WHAT IS BEING ASKED » Look through the material beneath and copy each line with the word "longleftrightarrow".

PROVIDED DATA »
═══

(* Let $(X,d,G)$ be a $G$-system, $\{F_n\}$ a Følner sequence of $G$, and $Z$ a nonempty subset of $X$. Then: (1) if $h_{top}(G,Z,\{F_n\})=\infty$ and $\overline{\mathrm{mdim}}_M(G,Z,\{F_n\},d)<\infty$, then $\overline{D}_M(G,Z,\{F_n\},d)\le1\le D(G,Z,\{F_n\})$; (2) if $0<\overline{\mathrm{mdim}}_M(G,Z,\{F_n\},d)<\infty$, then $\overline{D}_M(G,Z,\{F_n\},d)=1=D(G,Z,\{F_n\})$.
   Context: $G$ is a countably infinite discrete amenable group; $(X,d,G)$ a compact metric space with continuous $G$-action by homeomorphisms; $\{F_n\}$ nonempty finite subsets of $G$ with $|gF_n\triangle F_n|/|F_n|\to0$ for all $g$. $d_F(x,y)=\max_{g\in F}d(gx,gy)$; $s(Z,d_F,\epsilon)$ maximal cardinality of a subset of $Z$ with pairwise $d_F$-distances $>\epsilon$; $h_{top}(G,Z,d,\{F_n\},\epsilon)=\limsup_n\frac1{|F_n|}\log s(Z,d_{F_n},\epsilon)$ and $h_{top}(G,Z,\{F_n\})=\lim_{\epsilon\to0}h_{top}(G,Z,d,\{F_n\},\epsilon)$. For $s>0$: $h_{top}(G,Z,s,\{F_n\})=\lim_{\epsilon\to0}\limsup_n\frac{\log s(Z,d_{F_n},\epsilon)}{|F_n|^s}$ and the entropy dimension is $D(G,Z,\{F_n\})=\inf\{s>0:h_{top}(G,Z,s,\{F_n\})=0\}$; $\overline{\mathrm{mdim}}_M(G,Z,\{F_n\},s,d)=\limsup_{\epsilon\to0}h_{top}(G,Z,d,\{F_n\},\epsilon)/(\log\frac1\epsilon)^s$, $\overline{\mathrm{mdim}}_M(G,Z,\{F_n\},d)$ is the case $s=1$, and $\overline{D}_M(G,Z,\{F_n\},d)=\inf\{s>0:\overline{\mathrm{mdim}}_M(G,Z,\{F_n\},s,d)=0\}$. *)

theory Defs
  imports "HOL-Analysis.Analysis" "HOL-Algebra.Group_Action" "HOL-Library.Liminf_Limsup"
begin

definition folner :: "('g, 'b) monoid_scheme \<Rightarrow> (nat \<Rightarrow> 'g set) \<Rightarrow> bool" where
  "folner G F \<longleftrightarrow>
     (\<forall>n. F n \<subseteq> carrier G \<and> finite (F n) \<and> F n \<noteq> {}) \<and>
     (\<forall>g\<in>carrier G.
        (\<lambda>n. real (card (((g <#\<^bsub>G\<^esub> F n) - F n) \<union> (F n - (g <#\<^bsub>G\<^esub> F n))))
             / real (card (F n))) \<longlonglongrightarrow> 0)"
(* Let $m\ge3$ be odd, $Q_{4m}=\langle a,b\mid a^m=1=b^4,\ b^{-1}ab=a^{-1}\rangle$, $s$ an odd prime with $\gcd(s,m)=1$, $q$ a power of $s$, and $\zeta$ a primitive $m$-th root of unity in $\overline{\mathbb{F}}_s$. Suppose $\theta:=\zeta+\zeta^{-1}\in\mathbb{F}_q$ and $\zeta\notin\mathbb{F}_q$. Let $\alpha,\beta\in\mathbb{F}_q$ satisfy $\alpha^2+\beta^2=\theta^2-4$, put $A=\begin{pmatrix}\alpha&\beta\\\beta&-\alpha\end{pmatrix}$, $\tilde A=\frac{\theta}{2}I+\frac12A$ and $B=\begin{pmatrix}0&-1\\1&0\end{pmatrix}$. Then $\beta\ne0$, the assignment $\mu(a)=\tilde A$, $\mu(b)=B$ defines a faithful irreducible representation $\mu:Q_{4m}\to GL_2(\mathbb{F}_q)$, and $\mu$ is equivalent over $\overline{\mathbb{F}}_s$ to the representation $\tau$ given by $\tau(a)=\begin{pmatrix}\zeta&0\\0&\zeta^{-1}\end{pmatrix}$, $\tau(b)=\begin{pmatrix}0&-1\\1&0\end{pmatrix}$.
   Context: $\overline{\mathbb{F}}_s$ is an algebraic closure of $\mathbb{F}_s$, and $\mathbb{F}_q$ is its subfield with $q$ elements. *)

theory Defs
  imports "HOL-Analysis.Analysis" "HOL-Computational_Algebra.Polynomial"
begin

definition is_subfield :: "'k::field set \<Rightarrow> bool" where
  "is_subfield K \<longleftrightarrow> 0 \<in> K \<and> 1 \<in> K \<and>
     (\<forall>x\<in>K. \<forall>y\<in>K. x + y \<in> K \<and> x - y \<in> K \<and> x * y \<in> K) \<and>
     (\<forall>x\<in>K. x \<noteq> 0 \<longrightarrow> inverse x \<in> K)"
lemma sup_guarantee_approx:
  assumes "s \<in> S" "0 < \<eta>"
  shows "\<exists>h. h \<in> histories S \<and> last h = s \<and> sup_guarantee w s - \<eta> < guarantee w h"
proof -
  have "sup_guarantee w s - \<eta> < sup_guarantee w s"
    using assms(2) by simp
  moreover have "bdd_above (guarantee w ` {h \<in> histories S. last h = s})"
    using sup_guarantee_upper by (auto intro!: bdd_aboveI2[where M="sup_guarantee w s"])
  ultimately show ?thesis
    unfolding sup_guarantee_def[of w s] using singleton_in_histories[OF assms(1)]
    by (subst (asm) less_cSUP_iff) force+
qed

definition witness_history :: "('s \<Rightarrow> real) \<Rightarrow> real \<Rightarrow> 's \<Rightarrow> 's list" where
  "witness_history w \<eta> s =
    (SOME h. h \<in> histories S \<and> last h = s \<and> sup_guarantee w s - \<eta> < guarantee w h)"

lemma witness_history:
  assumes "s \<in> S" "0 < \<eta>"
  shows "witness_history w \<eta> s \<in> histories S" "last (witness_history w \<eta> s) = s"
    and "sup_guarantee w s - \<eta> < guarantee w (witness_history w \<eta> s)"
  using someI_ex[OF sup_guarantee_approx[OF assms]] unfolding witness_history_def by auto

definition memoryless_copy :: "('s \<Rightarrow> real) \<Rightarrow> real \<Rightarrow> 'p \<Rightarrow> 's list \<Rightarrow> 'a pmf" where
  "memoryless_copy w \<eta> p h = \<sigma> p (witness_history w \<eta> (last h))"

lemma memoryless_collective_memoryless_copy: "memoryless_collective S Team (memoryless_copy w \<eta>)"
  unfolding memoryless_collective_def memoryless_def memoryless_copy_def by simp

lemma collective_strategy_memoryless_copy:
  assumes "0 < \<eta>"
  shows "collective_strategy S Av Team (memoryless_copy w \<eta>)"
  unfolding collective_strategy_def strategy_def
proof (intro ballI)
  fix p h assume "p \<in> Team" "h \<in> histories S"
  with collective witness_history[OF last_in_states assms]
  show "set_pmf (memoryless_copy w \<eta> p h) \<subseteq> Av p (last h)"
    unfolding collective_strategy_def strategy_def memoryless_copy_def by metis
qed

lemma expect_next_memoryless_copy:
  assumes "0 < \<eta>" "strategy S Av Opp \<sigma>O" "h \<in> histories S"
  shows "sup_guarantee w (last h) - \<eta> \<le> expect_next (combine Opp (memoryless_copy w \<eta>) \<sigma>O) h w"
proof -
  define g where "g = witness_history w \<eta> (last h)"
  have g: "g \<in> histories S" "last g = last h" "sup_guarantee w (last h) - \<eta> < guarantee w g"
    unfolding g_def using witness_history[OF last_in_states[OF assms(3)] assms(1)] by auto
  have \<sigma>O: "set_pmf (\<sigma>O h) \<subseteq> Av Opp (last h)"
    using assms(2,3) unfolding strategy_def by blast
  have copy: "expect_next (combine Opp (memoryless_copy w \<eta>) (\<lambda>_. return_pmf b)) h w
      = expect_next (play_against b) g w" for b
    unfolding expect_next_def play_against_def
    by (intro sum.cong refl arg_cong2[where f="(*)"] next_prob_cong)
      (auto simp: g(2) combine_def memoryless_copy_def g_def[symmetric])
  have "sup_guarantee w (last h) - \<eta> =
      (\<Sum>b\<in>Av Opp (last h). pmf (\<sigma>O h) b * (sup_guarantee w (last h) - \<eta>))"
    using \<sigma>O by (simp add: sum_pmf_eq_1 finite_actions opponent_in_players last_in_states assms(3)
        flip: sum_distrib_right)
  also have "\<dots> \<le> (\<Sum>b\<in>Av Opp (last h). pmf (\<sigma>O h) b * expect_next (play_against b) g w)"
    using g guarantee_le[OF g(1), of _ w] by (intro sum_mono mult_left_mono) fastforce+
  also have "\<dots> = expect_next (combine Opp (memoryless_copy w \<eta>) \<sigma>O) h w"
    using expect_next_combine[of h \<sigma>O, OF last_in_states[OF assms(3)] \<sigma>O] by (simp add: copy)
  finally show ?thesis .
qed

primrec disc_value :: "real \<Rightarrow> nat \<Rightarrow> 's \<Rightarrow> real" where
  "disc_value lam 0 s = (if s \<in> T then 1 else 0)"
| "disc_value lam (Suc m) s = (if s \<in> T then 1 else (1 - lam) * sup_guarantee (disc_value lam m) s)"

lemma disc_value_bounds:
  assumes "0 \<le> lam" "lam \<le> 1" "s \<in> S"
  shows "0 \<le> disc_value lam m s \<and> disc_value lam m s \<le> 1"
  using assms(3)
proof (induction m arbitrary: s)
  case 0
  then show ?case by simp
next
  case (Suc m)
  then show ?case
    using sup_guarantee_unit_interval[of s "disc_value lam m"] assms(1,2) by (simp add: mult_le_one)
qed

═══

ANSWER BOX »
  "folner G F \<longleftrightarrow>
  "is_subfield K \<longleftrightarrow> 0 \<in> K \<and> 1 \<in> K \<and>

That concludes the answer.